Cada día escucho a un montón de proyectos presumir lo inteligentes que son sus agentes, pero todos fingen no ver un flanco de seguridad más desagradable: la inyección de contramedidas mediante indicaciones inversas maliciosas por parte de usuarios. Como los nodos de los modelos descentralizados son públicos, los hackers pueden, mediante una gran cantidad de prompts cuidadosamente construidos, “tantear” directamente los parámetros de los pesos del modelo. Habiéndome puesto a prueba a fondo con el OpenGradient Chat de la empresa @OpenGradient , revisé los whitepapers y noté una solución hard-core que rara vez se comenta en caliente: un mecanismo de defensa distribuida contra adversarios inversos basado en funciones de activación con confusión dinámica.
A los ojos de los “veteranos” que ya han caído en la inversión imprudente, los modelos sin barreras de seguridad son objetivos que van totalmente desnudos. Lo más duro de este mecanismo es que directamente le mete un tajo a la capa de activación de la red neuronal. Cuando el usuario envía una solicitud, el nodo subyacente no saca una salida con pesos lineales fijos en la propagación hacia adelante, sino que inyecta un factor de confusión aleatoria criptográfica, y con ello se desordena por completo la topología del tensor de salida. Si un hacker intenta retroderivar los secretos del modelo mediante miles de consultas, lo único que obtendrá será un montón de ruido basura sin ningún sentido.

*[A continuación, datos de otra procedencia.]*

lemma schur_numerator_entry:
  fixes x :: "nat \<Rightarrow> 'a::field"
  assumes sum: "nr t n lam p + nr t n lam q = 2 * n + 1"
    and i: "i < 2 * n + 1" and j: "j < 2 * n + 1" and nonzero: "row_var n x y i \<noteq> 0"
  shows "vars_t t n x y i powi (rho_star t n lam p q (j + 1) + int (2 * n + 1) - int (j + 1))
       = row_var n x y i powi (int t * (tquot t n lam p 1 + int (nr t n lam p)))
         * block_mat t n lam p q x y $$ (i, reverse_block (nr t n lam q) (nr t n lam p) j)"
    (is "?lhs = ?w powi ?e * _")
proof -
  have lhs: "?lhs = ?w powi (int t * (rho_star t n lam p q (j + 1)
      + int (nr t n lam p + nr t n lam q) - int (j + 1)))"
    unfolding vars_t_eq_row_var_power power_int_power sum ..
  show ?thesis
  proof (cases "j < nr t n lam q")
    case True
    have "?lhs = ?w powi (?e + (int (betar t n lam q (j + 1)) - int q))"
      unfolding lhs rho_star_exponent_left_block[OF True] ..
    also have "\<dots> = ?w powi ?e * ?w powi (int (betar t n lam q (j + 1)) - int q)"
      using nonzero by (simp add: power_int_add)
    finally show ?thesis
      using True i j by (simp add: block_mat_entry reverse_block_def)
  next
    case False
    define k where "k = nr t n lam p + nr t n lam q - j"
    define j' where "j' = reverse_block (nr t n lam q) (nr t n lam p) j"
    have j': "\<not> j' < nr t n lam q" "j' < 2 * n + 1" "j' - nr t n lam q + 1 = k"
      using False j sum by (auto simp: reverse_block_def j'_def k_def)
    have "?lhs = ?w powi (?e + - (int (betar t n lam p k) + int t - int p))"
      unfolding lhs rho_star_exponent_right_block[OF leI[OF False] j[folded sum]] k_def
      by (rule arg_cong[OF diff_conv_add_uminus])
    also have "\<dots> = ?w powi ?e * ?w powi (- (int (betar t n lam p k) + int t - int p))"
      using nonzero by (rule power_int_add[OF disjI1])
    also have "?w powi (- (int (betar t n lam p k) + int t - int p))
        = inverse ?w powi (int (betar t n lam p k) + int t - int p)"
      by (simp only: power_int_minus power_int_inverse)
    finally show ?thesis
      using i j' by (simp add: block_mat_entry flip: j'_def)
  qed
qed
(* Let $(X,\mathcal{B})$ be a $t$-$(v,k,\lambda)$ design with $b$ blocks. Then there is a way to write each block $B\in\mathcal{B}$ as an ordered $k$-tuple of its elements such that every point $x\in X$ occurs in each of the $k$ positions in exactly $b/v$ of the ordered blocks if and only if $v$ divides $b$ (equivalently, $k$ divides the number $r=bk/v$ of blocks containing a given point).
   Context: A $t$-$(v,k,\lambda)$ design ($t\ge1$, $t\le k\le v$) is a pair $(X,\mathcal{B})$ where $X$ is a set of $v$ points and $\mathcal{B}$ is a collection of distinct $k$-subsets of $X$ (blocks) such that every $t$-subset of $X$ is contained in exactly $\lambda$ blocks; $b=|\mathcal{B}|$. Every point lies in the same number $r$ of blocks, and $bk=vr$. *)

theory Defs
  imports Complex_Main
begin

definition t_design :: "'a set \<Rightarrow> 'a set set \<Rightarrow> nat \<Rightarrow> nat \<Rightarrow> nat \<Rightarrow> nat \<Rightarrow> bool" where
  "t_design X \<B> t v k lam \<longleftrightarrow>
     finite X \<and> card X = v \<and> 1 \<le> t \<and> t \<le> k \<and> k \<le> v \<and>
     (\<forall>B\<in>\<B>. B \<subseteq> X \<and> card B = k) \<and>
     (\<forall>T. T \<subseteq> X \<longrightarrow> card T = t \<longrightarrow> card {B\<in>\<B>. T \<subseteq> B} = lam)"

definition balanced_ordering :: "'a set \<Rightarrow> 'a set set \<Rightarrow> nat \<Rightarrow> ('a set \<Rightarrow> 'a list) \<Rightarrow> bool" where
  "balanced_ordering X \<B> k ord \<longleftrightarrow>
     (\<forall>B\<in>\<B>. distinct (ord B) \<and> set (ord B) = B \<and> length (ord B) = k) \<and>
     (\<forall>x\<in>X. \<forall>i<k. real (card {B\<in>\<B>. ord B ! i = x}) = real (card \<B>) / real (card X))"

end

theory Submission
  imports Defs
begin

(*
  A t-design is point-regular: double counting the pairs (T, B) with x \<in> T \<subseteq> B and
  |T| = t shows that every point lies in r blocks with r v = b k.  So a balanced
  ordering forces v | b (count the blocks having a fixed point in position 0).
  Conversely, if b = v m then r = m k, and the orderings come from a general fact
  about a k-uniform family (S j)_{j\<in>J} on X with every point in exactly m k members:
  it has a balanced system of representatives c j \<in> S j (every point chosen exactly
  m times); removing them leaves a (k-1)-uniform family with point degrees m (k-1),
  so by induction on k the representatives, position by position, form the orderings.
  Balanced representatives come from an exchange argument: a choice function of
  minimal total excess over m overloads no point, since an overloaded point either
  reaches an underloaded one in the exchange graph (and shifting one unit along a
  shortest path lowers the excess) or spans a closed region carrying more choices
  than its degree sum permits.
*)

section \<open>Double counting\<close>

lemma card_filter_sum_swap:
  assumes "finite A" "finite C"
  shows "(\<Sum>a\<in>A. card {c\<in>C. P a c}) = (\<Sum>c\<in>C. card {a\<in>A. P a c})"
proof -
  have count: "card {c\<in>D. Q c} = (\<Sum>c\<in>D. if Q c then 1 else 0::nat)" if "finite D" for D Q
    using that by (simp add: sum.If_cases Int_def)
  show ?thesis
    using assms by (simp add: count sum.swap[of _ A C])
qed
lemma eps_le: "\<epsilon> k + \<epsilon> (Suc k) \<le> 2 * \<beta> k powr p * res k powr p"
proof -
  have "\<epsilon> k \<le> (\<beta> k * res k) powr p" "\<epsilon> (Suc k) \<le> (\<beta> k * res k) powr p"
    using le_powr_of_powr_inverse_le eps_pos eps_root_le p_gt_1 unfolding res_def
    by (meson less_imp_le less_trans zero_less_one)+
  then show ?thesis
    by (simp add: powr_mult)
qed

lemma eventually_Phi_sufficient_decrease:
  "eventually (\<lambda>k. Phi (Suc k) \<le> Phi k - \<sigma> / 2 * res k powr p \<and> \<epsilon> k \<le> res k powr p) sequentially"
proof -
  have "(\<lambda>k. \<beta> k powr p) \<longlonglongrightarrow> 0"
    using tendsto_zero_powrI[OF beta_tendsto tendsto_const[of p]] beta_pos p_gt_1 by (simp add: less_imp_le)
  then have "(\<lambda>k. 2 * \<beta> k powr p) \<longlonglongrightarrow> 0"
    by (rule tendsto_mult_right_zero)
  moreover have "0 < min (\<sigma> / 2) 1"
    using sigma_pos by simp
  ultimately have "eventually (\<lambda>k. 2 * \<beta> k powr p < min (\<sigma> / 2) 1) sequentially"
    by (rule order_tendstoD(2))
  then show ?thesis
  proof (rule eventually_mono)
    fix k assume "2 * \<beta> k powr p < min (\<sigma> / 2) 1"
    then have "2 * \<beta> k powr p * res k powr p \<le> \<sigma> / 2 * res k powr p"
      "2 * \<beta> k powr p * res k powr p \<le> 1 * res k powr p"
      by (intro mult_right_mono; simp)+
    then show "Phi (Suc k) \<le> Phi k - \<sigma> / 2 * res k powr p \<and> \<epsilon> k \<le> res k powr p"
      using Phi_descent[of k] eps_le[of k] eps_pos[of "Suc k"] by simp
  qed
qed

lemma eventually_decseq_Phi: "eventually (\<lambda>k. decseq (\<lambda>n. Phi (n + k))) sequentially"
proof -
  obtain k1 where k1: "\<And>k. k \<ge> k1 \<Longrightarrow> Phi (Suc k) \<le> Phi k - \<sigma> / 2 * res k powr p"
    using eventually_Phi_sufficient_decrease unfolding eventually_sequentially by blast
  have "Phi (Suc k) \<le> Phi k" if "k \<ge> k1" for k
  proof -
    have "\<sigma> / 2 * res k powr p \<ge> 0"
      using sigma_pos by simp
    with k1[OF that] show ?thesis
      by linarith
  qed
  then show ?thesis
    unfolding eventually_sequentially by (auto intro!: exI[of _ k1] decseq_SucI)
qed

En lenguaje sencillo: es como un chef que domina una receta ultrasecreta. Antes, los malos podían aprender el truco intentando probar la proporción de los ingredientes cada día. Y este mecanismo sería como si el chef, sin afectar el sabor, añadiera a diario algunas porciones de ingredientes disfrazados y rarísimos, de modo que quien intente robar el aprendizaje se quede completamente mareado en la lengua. Este contenido hard-core que “bloquea” la seguridad de los datos en la base misma de las neuronas es lo que hace que $OPG realmente tenga una defensa robusta contra los ataques de los hackers. #OPG
El código usa una confusión implacable para eliminar las brechas de beneficio generadas por el acecho y el husmeo; ocultamos la inteligencia en una niebla que no se puede revertir. Usamos algoritmos para levantar una línea de defensa y pensamos que, al fijar las reglas sin puntos ciegos, podemos proteger el mundo. Pero lo más irónico es que la parte más sutil de la sabiduría está, precisamente, en la honestidad sin reservas: cuando hasta una sola conversación tiene que disfrazarse y verificarse con capas y capas de barreras, lo que al final obtenemos, ¿es seguridad definitiva o un basurero de código lleno de recelo incluso en el intercambio más puro?